SOURCE DATA Start Marker

(* Let $h>0$ be such that the matrix $I_d+\frac{h^2}{2}\nabla^2F(q)M$ is invertible for every $q\in\mathbb{R}^d$, so that the scheme below defines, for each fixed realization of the Wiener increments, a smooth map $(P^h[n],Q^h[n])\mapsto(P^h[n+1],Q^h[n+1])$. Then this one-step map is conformally symplectic: $$dP^h[n+1]\wedge dQ^h[n+1]=e^{-vh}\,dP^h[n]\wedge dQ^h[n],$$ where $dP\wedge dQ=\sum_{i=1}^d dP_i\wedge dQ_i$.
   Context: Let $d\le m$, let $F\in C^\infty(\mathbb{R}^d,\mathbb{R})$ and $f=\nabla F:\mathbb{R}^d\to\mathbb{R}^d$, let $M\in\mathbb{R}^{d\times d}$ be symmetric positive definite, $v>0$, and $\sigma=(\sigma_1,\dots,\sigma_m)\in\mathbb{R}^{d\times m}$ with $\mathrm{rank}\,\sigma=d$. Let $W=(W_1,\dots,W_m)^\top$ be a standard $m$-dimensional Wiener process. For a step size $h>0$, $t_n=nh$ and $\Delta_{n+1}W=W(t_{n+1})-W(t_n)$, the scheme is: given $(P^h[0],Q^h[0])=(p,q)\in\mathbb{R}^{2d}$, $$P^h[n+1]=e^{-vh}P^h[n]-\tfrac{h^2}{2}\nabla^2F(Q^h[n])MP^h[n+1]-h\big(1+\tfrac{vh}{2}\big)e^{-vh}f(Q^h[n])-\big(1+\tfrac{vh}{2}\big)e^{-vh}\sigma\Delta_{n+1}W,$$ $$Q^h[n+1]=Q^h[n]+h\big(1-\tfrac{vh}{2}\big)e^{vh}MP^h[n+1]+\tfrac{h^2}{2}Mf(Q^h[n])+\tfrac{h}{2}M\sigma\Delta_{n+1}W.$$ (The first equation is linear in $P^h[n+1]$ and is solved for it.) *)

theory Defs
  imports "HOL-Analysis.Analysis"
begin

text \<open>C^infinity for scalar functions on real^'d: there is a family of continuous
functions containing F that is closed under taking all partial derivatives
(so all iterated partial derivatives exist everywhere and are continuous).\<close>
definition smooth_fun :: "(real^'d \<Rightarrow> real) \<Rightarrow> bool" where
  "smooth_fun F \<longleftrightarrow> (\<exists>S. F \<in> S \<and>
     (\<forall>g\<in>S. continuous_on UNIV g \<and>
        (\<forall>i. \<exists>g'\<in>S. \<forall>x. ((\<lambda>t. g (x + t *\<^sub>R axis i 1)) has_real_derivative g' x) (at 0))))"

text \<open>The one-step map of the scheme for a fixed Wiener increment xi = Delta_{n+1} W.
Hess q is the Hessian of F at q, f = grad F.\<close>
definition step_P ::
  "real \<Rightarrow> real \<Rightarrow> real^'d^'d \<Rightarrow> (real^'d \<Rightarrow> real^'d^'d) \<Rightarrow> (real^'d \<Rightarrow> real^'d)
   \<Rightarrow> real^'m^'d \<Rightarrow> real^'m \<Rightarrow> (real^'d) \<times> (real^'d) \<Rightarrow> real^'d" where
  "step_P h v M Hess f \<sigma> \<xi> pq =
     (let p = fst pq; q = snd pq in
      matrix_inv (mat 1 + (h^2/2) *\<^sub>R (Hess q ** M)) *v
        (exp (-v * h) *\<^sub>R p - (h * (1 + v * h/2) * exp (-v * h)) *\<^sub>R f q
         - ((1 + v * h/2) * exp (-v * h)) *\<^sub>R (\<sigma> *v \<xi>)))"

definition step ::
  "real \<Rightarrow> real \<Rightarrow> real^'d^'d \<Rightarrow> (real^'d \<Rightarrow> real^'d^'d) \<Rightarrow> (real^'d \<Rightarrow> real^'d)
   \<Rightarrow> real^'m^'d \<Rightarrow> real^'m \<Rightarrow> (real^'d) \<times> (real^'d) \<Rightarrow> (real^'d) \<times> (real^'d)" where
  "step h v M Hess f \<sigma> \<xi> pq =
     (let q = snd pq; P1 = step_P h v M Hess f \<sigma> \<xi> pq in
      (P1, q + (h * (1 - v * h/2) * exp (v * h)) *\<^sub>R (M *v P1) + (h^2/2) *\<^sub>R (M *v f q)
           + (h/2) *\<^sub>R (M *v (\<sigma> *v \<xi>))))"

definition dPdQ :: "(real^'d) \<times> (real^'d) \<Rightarrow> (real^'d) \<times> (real^'d) \<Rightarrow> real" where
  "dPdQ u w = fst u \<bullet> snd w - fst w \<bullet> snd u"

end

theory Submission
  imports Defs
begin

text \<open>Write \<open>P'\<close>, \<open>Q'\<close> for the new state, \<open>k = h\<^sup>2/2\<close> and \<open>H = \<nabla>\<^sup>2F(Q)\<close>. Differentiating the
  implicit equation \<open>P' + k H M P' = exp(-vh) P - c\<^sub>1 f(Q) - c\<^sub>2 \<sigma> \<Delta>W\<close> gives
  \<open>dP' + k (H M dP' + \<nabla>\<^sup>3F[dQ] M P') = exp(-vh) dP - c\<^sub>1 H dQ\<close>, and
  \<open>dQ' = dQ + c\<^sub>3 M dP' + k M H dQ\<close>. Pairing \<open>dP'\<close> with \<open>dQ'\<close> and antisymmetrising, every term except
  \<open>exp(-vh) dP \<and> dQ\<close> is a symmetric bilinear form (by symmetry of \<open>M\<close>, of the Hessian and of the
  third derivative of \<open>F\<close>) and cancels, whatever the coefficients \<open>c\<^sub>1, c\<^sub>2, c\<^sub>3\<close> are. The analytic
  input is that a \<open>C\<^sup>\<infinity>\<close> function has a differentiable, symmetric Hessian (symmetry from second
  differences, differentiability from continuity of the partial derivatives) and that the
  implicitly defined momentum is differentiable (Cramer's rule).\<close>

section \<open>Symmetry of second derivatives\<close>

lemma second_difference_mvt:
  fixes g :: "'a::real_inner \<Rightarrow> real"
  assumes g: "\<And>y. (g has_derivative (\<lambda>u. G y \<bullet> u)) (at y)" and t: "t > 0"
  shows "\<exists>\<theta>. 0 < \<theta> \<and> \<theta> < t \<and>
    g (x + t *\<^sub>R a + t *\<^sub>R b) - g (x + t *\<^sub>R a) - g (x + t *\<^sub>R b) + g x
      = t * ((G (x + \<theta> *\<^sub>R a + t *\<^sub>R b) - G (x + \<theta> *\<^sub>R a)) \<bullet> a)"
proof -
  define \<phi> where "\<phi> s = g (x + s *\<^sub>R a + t *\<^sub>R b) - g (x + s *\<^sub>R a)" for s
  define \<phi>' where "\<phi>' s = (G (x + s *\<^sub>R a + t *\<^sub>R b) - G (x + s *\<^sub>R a)) \<bullet> a" for s
  have "DERIV \<phi> s :> \<phi>' s" for s
  proof -
    have 1: "((\<lambda>s. x + s *\<^sub>R a + t *\<^sub>R b) has_derivative (\<lambda>h. h *\<^sub>R a)) (at s)"
      by (auto intro!: derivative_eq_intros)
    have 2: "((\<lambda>s. x + s *\<^sub>R a) has_derivative (\<lambda>h. h *\<^sub>R a)) (at s)"
      by (auto intro!: derivative_eq_intros)
    have "(\<phi> has_derivative (\<lambda>h. G (x + s *\<^sub>R a + t *\<^sub>R b) \<bullet> (h *\<^sub>R a) - G (x + s *\<^sub>R a) \<bullet> (h *\<^sub>R a))) (at s)"
      unfolding \<phi>_def
      by (intro has_derivative_diff has_derivative_compose[OF 1 g, unfolded o_def]
          has_derivative_compose[OF 2 g, unfolded o_def])
    then show ?thesis unfolding has_field_derivative_def \<phi>'_def
      by (rule has_derivative_eq_rhs) (auto simp: algebra_simps inner_diff_left)
  qed
  then obtain \<theta> where "0 < \<theta>" "\<theta> < t" "\<phi> t - \<phi> 0 = (t - 0) * \<phi>' \<theta>"
    using MVT2[of 0 t \<phi> \<phi>'] t by blast
  then show ?thesis by (intro exI[of _ \<theta>]) (simp add: \<phi>_def \<phi>'_def algebra_simps)
qed

lemma has_derivative_remainder_on_segments:
  fixes G :: "'a::real_normed_vector \<Rightarrow> 'b::real_normed_vector"
  assumes G: "(G has_derivative D) (at x)" and e: "e > 0"
  shows "\<exists>\<delta>>0. \<forall>t \<theta>. 0 \<le> \<theta> \<and> \<theta> \<le> t \<and> t < \<delta> \<longrightarrow>
     norm (G (x + \<theta> *\<^sub>R a + t *\<^sub>R b) - G x - D (\<theta> *\<^sub>R a + t *\<^sub>R b)) \<le> e * (t * (norm a + norm b))"
proof -
  obtain d where d: "d > 0" "\<And>y. norm (y - x) < d \<Longrightarrow> norm (G y - G x - D (y - x)) \<le> e * norm (y - x)"
    using G e unfolding has_derivative_at_alt by blast
  define \<delta> where "\<delta> = d / (norm a + norm b + 1)"
  show ?thesis
  proof (intro exI[of _ \<delta>] conjI allI impI)
    show "\<delta> > 0" unfolding \<delta>_def using d by (simp add: add_nonneg_pos)
    fix t \<theta> :: real assume t: "0 \<le> \<theta> \<and> \<theta> \<le> t \<and> t < \<delta>"
    have "norm (\<theta> *\<^sub>R a + t *\<^sub>R b) \<le> norm (\<theta> *\<^sub>R a) + norm (t *\<^sub>R b)" by (rule norm_triangle_ineq)
    also have "\<dots> \<le> t * (norm a + norm b)"
      using t by (simp add: distrib_left mult_right_mono)
    finally have near: "norm (\<theta> *\<^sub>R a + t *\<^sub>R b) \<le> t * (norm a + norm b)" .
    have "t * (norm a + norm b) \<le> t * (norm a + norm b + 1)" using t by (intro mult_left_mono) auto
    also have "\<dots> < \<delta> * (norm a + norm b + 1)"
      using t by (intro mult_strict_right_mono) (auto intro: add_nonneg_pos)
    also have "\<dots> = d"
      unfolding \<delta>_def by (smt (verit) norm_ge_zero nonzero_eq_divide_eq)
    finally have "norm (\<theta> *\<^sub>R a + t *\<^sub>R b) < d" using near by linarith
    then have "norm (G (x + \<theta> *\<^sub>R a + t *\<^sub>R b) - G x - D (\<theta> *\<^sub>R a + t *\<^sub>R b))
        \<le> e * norm (\<theta> *\<^sub>R a + t *\<^sub>R b)"
      using d(2)[of "x + \<theta> *\<^sub>R a + t *\<^sub>R b"] by (simp add: add.assoc)
    also have "\<dots> \<le> e * (t * (norm a + norm b))" using near e by (simp add: mult_left_mono)
    finally show "norm (G (x + \<theta> *\<^sub>R a + t *\<^sub>R b) - G x - D (\<theta> *\<^sub>R a + t *\<^sub>R b))
        \<le> e * (t * (norm a + norm b))" .
  qed
qed

lemma second_difference_estimate:
  fixes g :: "'a::real_inner \<Rightarrow> real"
  assumes g: "\<And>y. (g has_derivative (\<lambda>u. G y \<bullet> u)) (at y)"
    and G: "(G has_derivative D) (at x)" and e: "e > 0"
  shows "\<exists>\<delta>>0. \<forall>t. 0 < t \<and> t < \<delta> \<longrightarrow>
     \<bar>g (x + t *\<^sub>R a + t *\<^sub>R b) - g (x + t *\<^sub>R a) - g (x + t *\<^sub>R b) + g x - t^2 * (D b \<bullet> a)\<bar>
       \<le> e * t^2 * ((2 * norm a + norm b) * norm a)"
proof -
  interpret D: bounded_linear D using G by (rule has_derivative_bounded_linear)
  define R where "R y = G y - G x - D (y - x)" for y
  obtain \<delta>1 where \<delta>1: "\<delta>1 > 0" "\<And>t \<theta>. 0 \<le> \<theta> \<and> \<theta> \<le> t \<and> t < \<delta>1 \<Longrightarrow>
      norm (R (x + \<theta> *\<^sub>R a + t *\<^sub>R b)) \<le> e * (t * (norm a + norm b))"
    using has_derivative_remainder_on_segments[OF G e, of a b] by (auto simp: R_def add.assoc)
  obtain \<delta>2 where \<delta>2: "\<delta>2 > 0" "\<And>t \<theta>. 0 \<le> \<theta> \<and> \<theta> \<le> t \<and> t < \<delta>2 \<Longrightarrow>
      norm (R (x + \<theta> *\<^sub>R a)) \<le> e * (t * norm a)"
    using has_derivative_remainder_on_segments[OF G e, of a 0] by (auto simp: R_def)
  show ?thesis
  proof (intro exI[of _ "min \<delta>1 \<delta>2"] conjI allI impI)
    show "min \<delta>1 \<delta>2 > 0" using \<delta>1 \<delta>2 by simp
    fix t :: real assume t: "0 < t \<and> t < min \<delta>1 \<delta>2"
    obtain \<theta> where \<theta>: "0 < \<theta>" "\<theta> < t"
      and mvt: "g (x + t *\<^sub>R a + t *\<^sub>R b) - g (x + t *\<^sub>R a) - g (x + t *\<^sub>R b) + g x
                = t * ((G (x + \<theta> *\<^sub>R a + t *\<^sub>R b) - G (x + \<theta> *\<^sub>R a)) \<bullet> a)"
      using second_difference_mvt[OF g] t by blast
    define y1 where "y1 = x + \<theta> *\<^sub>R a + t *\<^sub>R b"
    define y2 where "y2 = x + \<theta> *\<^sub>R a"
    have r1: "norm (R y1) \<le> e * (t * (norm a + norm b))"
      unfolding y1_def using \<delta>1(2)[of \<theta> t] \<theta> t by simp
    have r2: "norm (R y2) \<le> e * (t * norm a)"
      unfolding y2_def using \<delta>2(2)[of \<theta> t] \<theta> t by simp
    have "G y1 - G y2 = t *\<^sub>R D b + (R y1 - R y2)"
      by (simp add: R_def y1_def y2_def D.diff D.add D.scaleR algebra_simps)
    then have G_diff: "(G y1 - G y2) \<bullet> a = t * (D b \<bullet> a) + (R y1 - R y2) \<bullet> a"
      by (simp add: inner_add_left)
    have eq: "g (x + t *\<^sub>R a + t *\<^sub>R b) - g (x + t *\<^sub>R a) - g (x + t *\<^sub>R b) + g x - t^2 * (D b \<bullet> a)
        = t * ((R y1 - R y2) \<bullet> a)"
      unfolding mvt unfolding y1_def[symmetric] unfolding y2_def[symmetric] G_diff
      by (simp add: power2_eq_square algebra_simps)
    have "\<bar>(R y1 - R y2) \<bullet> a\<bar> \<le> norm (R y1 - R y2) * norm a"
      by (rule Cauchy_Schwarz_ineq2)
    also have "\<dots> \<le> (e * (t * (norm a + norm b)) + e * (t * norm a)) * norm a"
      by (intro mult_right_mono order.trans[OF norm_triangle_ineq4] add_mono r1 r2) simp_all
    also have "\<dots> = e * t * ((2 * norm a + norm b) * norm a)" by (simp add: algebra_simps)
    finally have "t * \<bar>(R y1 - R y2) \<bullet> a\<bar> \<le> t * (e * t * ((2 * norm a + norm b) * norm a))"
      using t by simp
    then show "\<bar>g (x + t *\<^sub>R a + t *\<^sub>R b) - g (x + t *\<^sub>R a) - g (x + t *\<^sub>R b) + g x - t^2 * (D b \<bullet> a)\<bar>
       \<le> e * t^2 * ((2 * norm a + norm b) * norm a)"
      unfolding eq abs_mult using t by (simp add: power2_eq_square mult.assoc mult.left_commute)
  qed
qed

SOURCE DATA End Marker

# WHAT IS REQUIRED
Give back, exactly as written, the stretch from the line with "define R where" through the line with "norm (R (x + \<theta> *\<^sub>R a +", and no other lines from the records above.

# YOUR SOLUTION
  define R where "R y = G y - G x - D (y - x)" for y
  obtain \<delta>1 where \<delta>1: "\<delta>1 > 0" "\<And>t \<theta>. 0 \<le> \<theta> \<and> \<theta> \<le> t \<and> t < \<delta>1 \<Longrightarrow>
      norm (R (x + \<theta> *\<^sub>R a + t *\<^sub>R b)) \<le> e * (t * (norm a + norm b))"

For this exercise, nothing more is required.